The smallest units(monomers) of a protein, feature an amino and carboxyl group, connected by R-C-H. "R" is a variable that can be different atoms.
Polypeptides...
A polypeptide is the primary structure of a protein. The sequence of the amino acids within a polypeptide is determined by genetic code.
Polypeptides are polymers built of amino acid monomers during a condensation reaction. The amino group, (NH2) of one amino acids, and the carboxyl group (COOH) of another form a peptide bond, forming a dipeptide. This can continue to from a string of amino acids, called a polypeptide.
Building a protein...
A polypeptide becomes a protein when it folds and connects to itself, or to other polypeptides.
Primary structure
Amino acids form a sequence, known as a polypeptide.
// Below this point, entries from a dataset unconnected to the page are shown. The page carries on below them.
text \<open>The half-spaces \<open>v \<bullet> z \<ge> v \<bullet> m\<close> and \<open>v \<bullet> z \<ge> v \<bullet> m + v \<bullet> v\<close> differ by the open slab
  between them, which contains the support point \<open>m + v/2\<close> when \<open>v \<noteq> 0\<close>.\<close>
lemma shifted_halfspaces_measure_eq_imp_zero:
  assumes "finite_measure M" and "X \<in> borel_measurable M"
    and "m + (1/2) *\<^sub>R v \<in> rv_supp M X"
    and "measure M {\<omega> \<in> space M. v \<bullet> m + v \<bullet> v \<le> v \<bullet> X \<omega>}
       = measure M {\<omega> \<in> space M. v \<bullet> m \<le> v \<bullet> X \<omega>}"
  shows "v = 0"
proof (rule ccontr)
  interpret finite_measure M by fact
  assume "v \<noteq> 0"
  define H where "H = {z. v \<bullet> m \<le> v \<bullet> z}"
  define H' where "H' = {z. v \<bullet> m + v \<bullet> v \<le> v \<bullet> z}"
  define U where "U = {z. v \<bullet> m < v \<bullet> z} \<inter> {z. v \<bullet> z < v \<bullet> m + v \<bullet> v}"
  define E where "E S = {\<omega> \<in> space M. X \<omega> \<in> S}" for S
  have borel: "H \<in> sets borel" "H' \<in> sets borel" "U \<in> sets borel"
    unfolding H_def H'_def U_def
    by (intro borel_closed borel_open closed_halfspace_ge open_Int open_halfspace_lt
        open_halfspace_gt)+
  have E_sets: "E S \<in> sets M" if "S \<in> sets borel" for S
    unfolding E_def using assms(2) that by (rule borel_mem_sets)
  have "0 < measure M (E U)"
    unfolding E_def
  proof (rule rv_supp_open_measure_pos[OF assms(1,2,3)])
    show "open U"
      unfolding U_def by (intro open_Int open_halfspace_lt open_halfspace_gt)
    show "m + (1/2) *\<^sub>R v \<in> U"
      using \<open>v \<noteq> 0\<close> by (simp add: U_def inner_add_right)
  qed
  also have "measure M (E U) = measure M (E H' \<union> E U) - measure M (E H')"
  proof -
    have "E H' \<inter> E U = {}"
      using \<open>v \<noteq> 0\<close> by (auto simp: E_def H'_def U_def)
    then show ?thesis
      using borel by (simp add: finite_measure_Union E_sets)
  qed
  also have "\<dots> \<le> measure M (E H) - measure M (E H')"
  proof (intro diff_right_mono finite_measure_mono E_sets borel)
    have "H' \<subseteq> H"
    proof
      fix z assume "z \<in> H'"
      then have "v \<bullet> m + v \<bullet> v \<le> v \<bullet> z"
        by (simp add: H'_def)
      then have "v \<bullet> m \<le> v \<bullet> z"
        using inner_ge_zero[of v] by linarith
      then show "z \<in> H"
        by (simp add: H_def)
    qed
    moreover have "U \<subseteq> H"
      by (auto simp: U_def H_def)
    ultimately show "E H' \<union> E U \<subseteq> E H"
      unfolding E_def by blast
  qed
  finally show False
    using assms(4) by (simp add: E_def H_def H'_def)
qed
Secondary structure (Now a protein)
The polypeptide beings to coil up and bond with itself through hydrogen bonds.
Tertiary (3rd Level) Structure
Secondary structures fold over once more and Ionic bonds and disulfide bridges form.
Quaternary (4th Level) Structure
Quaternary structures are composed of two or more linked polypeptides.
Functions of proteins...
The function of a protein is determined by the shape of its molecule. Proteins are divided into two main types: globular and fibrous proteins.
| Protein | Function |
|---|---|
| Rubisco | An enzyme involved in carbon fixation in photosynthesis. |
| Insulin | A hormone produced by the pancreas which stimulates the liver to take up glucose from the blood and store it as glycogen. |
| Immunoglobulin | A large protein (antibody) produced by the immune system to fight infection. |
| Rhodopsin | A protein linked to a pigment found in the photoreceptor cells in the retina of the eye. |
| Collagen | A structural protein which builds muscle, tendons, ligaments and the skin of vertebrates. |
| Spider silk | A strong and elastic fibrous protein created by spiders to form their webs. |
Denaturation...
Denaturation is an irreversible process when a protein loses it's form due to a PH or Temperature outside it's operating range. The primary structure of the protein will usually remain but secondary, tertiary and quaternary structures are usually lost.
For example enzymes, which are tertiary proteins, are easily denatured by extremes of pH or temperature and lose the ability to function as catalysts.